§ WORK INSTRUCTION:
Take the records below from their first line to the line with "fP PU by auto", and restate those lines word for word.

[Saved entries]
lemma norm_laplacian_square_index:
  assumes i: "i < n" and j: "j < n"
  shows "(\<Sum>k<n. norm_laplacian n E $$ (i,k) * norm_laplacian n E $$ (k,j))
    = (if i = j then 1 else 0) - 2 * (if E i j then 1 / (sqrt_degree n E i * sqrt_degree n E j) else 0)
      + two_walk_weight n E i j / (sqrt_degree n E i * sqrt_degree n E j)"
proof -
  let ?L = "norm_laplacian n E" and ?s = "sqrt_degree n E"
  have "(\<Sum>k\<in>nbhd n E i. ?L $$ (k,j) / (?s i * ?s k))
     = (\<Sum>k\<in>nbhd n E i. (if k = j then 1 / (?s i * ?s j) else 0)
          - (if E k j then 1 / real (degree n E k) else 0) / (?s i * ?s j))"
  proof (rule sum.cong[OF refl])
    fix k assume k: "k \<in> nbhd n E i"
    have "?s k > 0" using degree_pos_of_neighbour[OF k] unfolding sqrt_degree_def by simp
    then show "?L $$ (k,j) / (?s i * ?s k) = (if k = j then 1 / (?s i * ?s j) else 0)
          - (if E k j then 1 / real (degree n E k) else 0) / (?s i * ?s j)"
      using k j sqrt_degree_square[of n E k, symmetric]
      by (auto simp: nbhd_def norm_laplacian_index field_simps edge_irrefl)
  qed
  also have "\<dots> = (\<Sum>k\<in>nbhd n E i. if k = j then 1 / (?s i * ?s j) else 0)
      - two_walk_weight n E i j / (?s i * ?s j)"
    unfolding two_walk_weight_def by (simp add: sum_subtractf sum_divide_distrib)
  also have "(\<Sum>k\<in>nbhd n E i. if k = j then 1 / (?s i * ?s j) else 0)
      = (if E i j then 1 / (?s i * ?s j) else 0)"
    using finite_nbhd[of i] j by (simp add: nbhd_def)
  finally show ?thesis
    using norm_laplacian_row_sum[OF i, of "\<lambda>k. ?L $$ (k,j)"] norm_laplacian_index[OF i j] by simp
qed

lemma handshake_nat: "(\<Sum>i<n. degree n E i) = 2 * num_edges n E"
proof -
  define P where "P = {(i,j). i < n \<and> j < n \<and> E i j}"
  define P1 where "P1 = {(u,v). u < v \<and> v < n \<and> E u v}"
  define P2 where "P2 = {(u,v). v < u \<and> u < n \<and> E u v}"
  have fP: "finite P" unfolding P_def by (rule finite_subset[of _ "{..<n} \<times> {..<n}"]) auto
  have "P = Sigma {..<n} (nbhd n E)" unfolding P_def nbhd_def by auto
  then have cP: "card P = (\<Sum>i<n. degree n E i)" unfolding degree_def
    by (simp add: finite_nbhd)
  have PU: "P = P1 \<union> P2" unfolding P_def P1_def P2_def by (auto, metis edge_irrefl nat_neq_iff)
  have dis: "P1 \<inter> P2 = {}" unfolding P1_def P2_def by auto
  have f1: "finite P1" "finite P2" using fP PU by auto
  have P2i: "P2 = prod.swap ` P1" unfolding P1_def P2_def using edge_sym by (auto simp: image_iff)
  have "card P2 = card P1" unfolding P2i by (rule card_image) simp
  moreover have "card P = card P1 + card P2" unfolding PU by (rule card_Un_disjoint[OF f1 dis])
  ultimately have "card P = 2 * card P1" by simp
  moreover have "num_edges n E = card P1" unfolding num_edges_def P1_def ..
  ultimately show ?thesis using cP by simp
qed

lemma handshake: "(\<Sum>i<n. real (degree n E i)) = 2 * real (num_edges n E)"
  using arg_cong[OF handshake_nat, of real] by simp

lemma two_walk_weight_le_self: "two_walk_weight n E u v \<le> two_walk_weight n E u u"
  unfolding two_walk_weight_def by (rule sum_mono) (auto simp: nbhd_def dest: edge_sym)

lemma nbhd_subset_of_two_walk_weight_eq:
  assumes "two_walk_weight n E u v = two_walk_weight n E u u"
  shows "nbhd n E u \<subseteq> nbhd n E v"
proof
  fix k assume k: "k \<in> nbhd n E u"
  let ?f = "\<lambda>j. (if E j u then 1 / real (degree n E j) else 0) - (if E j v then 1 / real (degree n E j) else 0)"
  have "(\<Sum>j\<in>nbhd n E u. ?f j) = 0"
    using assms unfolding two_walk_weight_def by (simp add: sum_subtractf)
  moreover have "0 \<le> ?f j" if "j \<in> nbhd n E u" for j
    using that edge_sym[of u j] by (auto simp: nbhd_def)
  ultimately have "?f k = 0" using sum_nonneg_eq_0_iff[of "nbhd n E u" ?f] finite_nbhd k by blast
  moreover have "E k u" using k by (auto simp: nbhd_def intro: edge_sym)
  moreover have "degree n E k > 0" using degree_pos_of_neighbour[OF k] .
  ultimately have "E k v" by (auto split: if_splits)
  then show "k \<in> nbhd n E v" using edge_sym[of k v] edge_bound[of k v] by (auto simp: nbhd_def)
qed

§ EXPECTED OUTPUT:
lemma norm_laplacian_square_index:
  assumes i: "i < n" and j: "j < n"
  shows "(\<Sum>k<n. norm_laplacian n E $$ (i,k) * norm_laplacian n E $$ (k,j))
    = (if i = j then 1 else 0) - 2 * (if E i j then 1 / (sqrt_degree n E i * sqrt_degree n E j) else 0)
      + two_walk_weight n E i j / (sqrt_degree n E i * sqrt_degree n E j)"
proof -
  let ?L = "norm_laplacian n E" and ?s = "sqrt_degree n E"
  have "(\<Sum>k\<in>nbhd n E i. ?L $$ (k,j) / (?s i * ?s k))
     = (\<Sum>k\<in>nbhd n E i. (if k = j then 1 / (?s i * ?s j) else 0)
          - (if E k j then 1 / real (degree n E k) else 0) / (?s i * ?s j))"
  proof (rule sum.cong[OF refl])
    fix k assume k: "k \<in> nbhd n E i"
    have "?s k > 0" using degree_pos_of_neighbour[OF k] unfolding sqrt_degree_def by simp
    then show "?L $$ (k,j) / (?s i * ?s k) = (if k = j then 1 / (?s i * ?s j) else 0)
          - (if E k j then 1 / real (degree n E k) else 0) / (?s i * ?s j)"
      using k j sqrt_degree_square[of n E k, symmetric]
      by (auto simp: nbhd_def norm_laplacian_index field_simps edge_irrefl)
  qed
  also have "\<dots> = (\<Sum>k\<in>nbhd n E i. if k = j then 1 / (?s i * ?s j) else 0)
      - two_walk_weight n E i j / (?s i * ?s j)"
    unfolding two_walk_weight_def by (simp add: sum_subtractf sum_divide_distrib)
  also have "(\<Sum>k\<in>nbhd n E i. if k = j then 1 / (?s i * ?s j) else 0)
      = (if E i j then 1 / (?s i * ?s j) else 0)"
    using finite_nbhd[of i] j by (simp add: nbhd_def)
  finally show ?thesis
    using norm_laplacian_row_sum[OF i, of "\<lambda>k. ?L $$ (k,j)"] norm_laplacian_index[OF i j] by simp
qed

lemma handshake_nat: "(\<Sum>i<n. degree n E i) = 2 * num_edges n E"
proof -
  define P where "P = {(i,j). i < n \<and> j < n \<and> E i j}"
  define P1 where "P1 = {(u,v). u < v \<and> v < n \<and> E u v}"
  define P2 where "P2 = {(u,v). v < u \<and> u < n \<and> E u v}"
  have fP: "finite P" unfolding P_def by (rule finite_subset[of _ "{..<n} \<times> {..<n}"]) auto
  have "P = Sigma {..<n} (nbhd n E)" unfolding P_def nbhd_def by auto
  then have cP: "card P = (\<Sum>i<n. degree n E i)" unfolding degree_def
    by (simp add: finite_nbhd)
  have PU: "P = P1 \<union> P2" unfolding P_def P1_def P2_def by (auto, metis edge_irrefl nat_neq_iff)
  have dis: "P1 \<inter> P2 = {}" unfolding P1_def P2_def by auto
  have f1: "finite P1" "finite P2" using fP PU by auto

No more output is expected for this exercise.